Mr. Walbert joined Horizon in June 2008 as President and Chief Executive Officer and has served as Chairman of the Board of Directors since 2010. Prior to joining Horizon, Mr. Walbert served as President, Chief Executive Officer and Director of IDM Pharma, Inc., which was acquired by Takeda in June 2009. Prior to IDM, Mr. Walbert served as Executive Vice President, Commercial Operations at NeoPharm, Inc. From 2001 to 2005, Mr. Walbert served as Divisional Vice President and General Manager, Immunology, where he led the global development and launch of the multi-indication biologic HUMIRA and as Divisional Vice President, Global Cardiovascular Strategy at Abbott, now AbbVie. From 1998 to 2001, Mr. Walbert served as Director, CELEBREX North America and Arthritis Team Leader, Asia Pacific, Latin America and Canada at G.D. Searle & Company. From 1991 to 1998, Mr. Walbert also held sales and marketing roles with increasing responsibility at G.D. Searle, Merck & Co., Inc. and Wyeth.

Mr. Walbert received his B.A. in business from Muhlenberg College. Mr. Walbert serves as Chairman of the Board of Egalet Corporation and sits on the Board of Directors of XOMA Corporation, the Pharmaceutical Research and Manufacturers of America (PhRMA), the Biotechnology Industry Organization (BIO), the Illinois Biotechnology Industry Organization (iBIO), ChicagoNEXT, a World Business Chicago (WBC) led council of technology leaders and the Greater Chicago Arthritis Foundation. Mr. Walbert is also a member of the Illinois Innovation Council.

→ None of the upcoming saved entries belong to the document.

(* Let $\mathcal{H}_1=(\mathcal{A}_1,\Delta_{\mathcal{A}_1},S_{\mathcal{A}_1},\varepsilon_{\mathcal{A}_1})$ and $\mathcal{H}_2=(\mathcal{A}_2,\Delta_{\mathcal{A}_2},S_{\mathcal{A}_2},\varepsilon_{\mathcal{A}_2})$ be Hopf algebras over a field $k$, $\mathcal{B}$ a unital $k$-algebra, and $\alpha:\mathcal{A}_1\to\mathcal{B}\otimes\mathcal{A}_2$ a quantum family of homomorphisms from $\mathcal{H}_1$ to $\mathcal{H}_2$. Then for all $a,a'\in\mathcal{A}_1$, \[\alpha(a)_{12}\,\alpha(a')_{13}=\alpha(a')_{13}\,\alpha(a)_{12}\quad\text{in }\mathcal{B}\otimes\mathcal{A}_2\otimes\mathcal{A}_2.\]
   Context: Sweedler notation $\Delta(a)=a_{(1)}\otimes a_{(2)}$. For $x\in\mathcal{B}\otimes\mathcal{A}_2$, $x_{12}$ and $x_{13}$ denote $x$ placed in legs (1,2), resp. (1,3), of $\mathcal{B}\otimes\mathcal{A}_2\otimes\mathcal{A}_2$ with $\mathds{1}$ in the remaining leg. Definition: a unital algebra homomorphism $\alpha:\mathcal{A}_1\to\mathcal{B}\otimes\mathcal{A}_2$ is a quantum family of homomorphisms from $\mathcal{H}_1$ to $\mathcal{H}_2$ if $\alpha(a_{(1)})_{12}\alpha(a_{(2)})_{13}=(\mathrm{id}_{\mathcal{B}}\otimes\Delta_{\mathcal{A}_2})(\alpha(a))$ for all $a\in\mathcal{A}_1$. *)

theory Defs
  imports Main
begin

text \<open>A k-vector space / k-algebra is modelled on a whole type whose
ring structure comes from the type class and whose scalar multiplication by the
field 'k is an explicit function. Tensor products V \<otimes> W are modelled by
formal sums: a finite list xs of pairs (v,w) stands for the element
sum of v \<otimes> w over xs (scalars are absorbed into the first factor). Two
lists represent the same element of V \<otimes> W iff the difference of their
images in the free k-vector space on V \<times> W lies in the k-span of the
bilinearity relations (the standard construction of the tensor product).\<close>

definition kalg :: "('k::field \<Rightarrow> 'a::ring \<Rightarrow> 'a) \<Rightarrow> bool" where
  "kalg sm \<longleftrightarrow>
     (\<forall>c x y. sm c (x + y) = sm c x + sm c y) \<and>
     (\<forall>c d x. sm (c + d) x = sm c x + sm d x) \<and>
     (\<forall>c d x. sm (c * d) x = sm c (sm d x)) \<and>
     (\<forall>x. sm 1 x = x) \<and>
     (\<forall>c x y. sm c (x * y) = sm c x * y) \<and>
     (\<forall>c x y. sm c (x * y) = x * sm c y)"

definition unital_kalg :: "('k::field \<Rightarrow> 'a::ring \<Rightarrow> 'a) \<Rightarrow> 'a \<Rightarrow> bool" where
  "unital_kalg sm e \<longleftrightarrow> kalg sm \<and> (\<forall>x. e * x = x \<and> x * e = x)"

definition fvec :: "'x list \<Rightarrow> 'x \<Rightarrow> 'k::field" where
  "fvec xs = (\<lambda>z. of_nat (count_list xs z))"

inductive_set kspan :: "('x \<Rightarrow> 'k::field) set \<Rightarrow> ('x \<Rightarrow> 'k) set" for R where
  zero: "(\<lambda>_. 0) \<in> kspan R"
| gen: "r \<in> R \<Longrightarrow> r \<in> kspan R"
| add: "f \<in> kspan R \<Longrightarrow> g \<in> kspan R \<Longrightarrow> (\<lambda>z. f z + g z) \<in> kspan R"
| smul: "f \<in> kspan R \<Longrightarrow> (\<lambda>z. c * f z) \<in> kspan R"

About Sucampo Pharmaceuticals, Inc.

Sucampo Pharmaceuticals, Inc. is focused on the development and commercialization of medicines that meet major unmet medical needs of patients worldwide. Sucampo has one marketed product – AMITIZA – and a pipeline of product candidates in clinical development. A global company, Sucampo is headquartered in Bethesda, Maryland, and has operations in Japan, Switzerland and the U.K. For more information, please visit www.sucampo.com.

The Sucampo logo and the tagline, The Science of Innovation, are registered trademarks of Sucampo AG. AMITIZA is a registered trademark of Sucampo AG.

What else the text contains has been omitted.